▶ Problem to work on:
Repeat every entry exactly. Leave nothing out.

▶ Supplied material:
lemma (in prob_space) integral_mult_indep_subalgebra:
  fixes A :: "'a \<Rightarrow> real" and \<phi> :: "real \<Rightarrow> 'b::{real_normed_field, banach, second_countable_topology}"
    and Y :: "'a \<Rightarrow> 'b"
  assumes sub: "subalgebra M F"
    and indep: "indep_set (sigma_sets (space M) {A -` B \<inter> space M | B. B \<in> sets borel}) (sets F)"
    and [measurable]: "A \<in> borel_measurable M" "\<phi> \<in> borel_measurable borel"
    and Y_F: "ae_borel_measurable M F Y" and [measurable]: "Y \<in> borel_measurable M"
    and \<phi>_int: "integrable M (\<lambda>x. \<phi> (A x))" and Y_int: "integrable M Y"
  shows "(LINT x|M. \<phi> (A x) * Y x) = (LINT x|M. \<phi> (A x)) * (LINT x|M. Y x)"
proof -
  obtain g where g_F: "g \<in> borel_measurable F" and "AE x in M. Y x = g x"
    using Y_F unfolding ae_borel_measurable_def by blast
  moreover have [measurable]: "g \<in> borel_measurable M"
    using measurable_from_subalg[OF sub g_F] .
  ultimately have "(LINT x|M. Y x) = (LINT x|M. g x)" "integrable M g"
    and "(LINT x|M. \<phi> (A x) * Y x) = (LINT x|M. \<phi> (A x) * g x)"
    using Y_int by (auto intro: integral_cong_AE integrable_cong_AE_imp)
  moreover have "indep_var borel (\<lambda>x. \<phi> (A x)) borel g"
    by (rule indep_var_of_indep_set_subalgebra[OF sub indep _ _ g_F]) simp_all
  ultimately show ?thesis
    using indep_var_lebesgue_integral \<phi>_int by metis
qed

▶ Solution:
lemma (in prob_space) integral_mult_indep_subalgebra:
  fixes A :: "'a \<Rightarrow> real" and \<phi> :: "real \<Rightarrow> 'b::{real_normed_field, banach, second_countable_topology}"
    and Y :: "'a \<Rightarrow> 'b"
  assumes sub: "subalgebra M F"
    and indep: "indep_set (sigma_sets (space M) {A -` B \<inter> space M | B. B \<in> sets borel}) (sets F)"
    and [measurable]: "A \<in> borel_measurable M" "\<phi> \<in> borel_measurable borel"
    and Y_F: "ae_borel_measurable M F Y" and [measurable]: "Y \<in> borel_measurable M"
    and \<phi>_int: "integrable M (\<lambda>x. \<phi> (A x))" and Y_int: "integrable M Y"
  shows "(LINT x|M. \<phi> (A x) * Y x) = (LINT x|M. \<phi> (A x)) * (LINT x|M. Y x)"
proof -
  obtain g where g_F: "g \<in> borel_measurable F" and "AE x in M. Y x = g x"
    using Y_F unfolding ae_borel_measurable_def by blast
  moreover have [measurable]: "g \<in> borel_measurable M"
    using measurable_from_subalg[OF sub g_F] .
  ultimately have "(LINT x|M. Y x) = (LINT x|M. g x)" "integrable M g"
    and "(LINT x|M. \<phi> (A x) * Y x) = (LINT x|M. \<phi> (A x) * g x)"
    using Y_int by (auto intro: integral_cong_AE integrable_cong_AE_imp)
  moreover have "indep_var borel (\<lambda>x. \<phi> (A x)) borel g"
    by (rule indep_var_of_indep_set_subalgebra[OF sub indep _ _ g_F]) simp_all
  ultimately show ?thesis
    using indep_var_lebesgue_integral \<phi>_int by metis
qed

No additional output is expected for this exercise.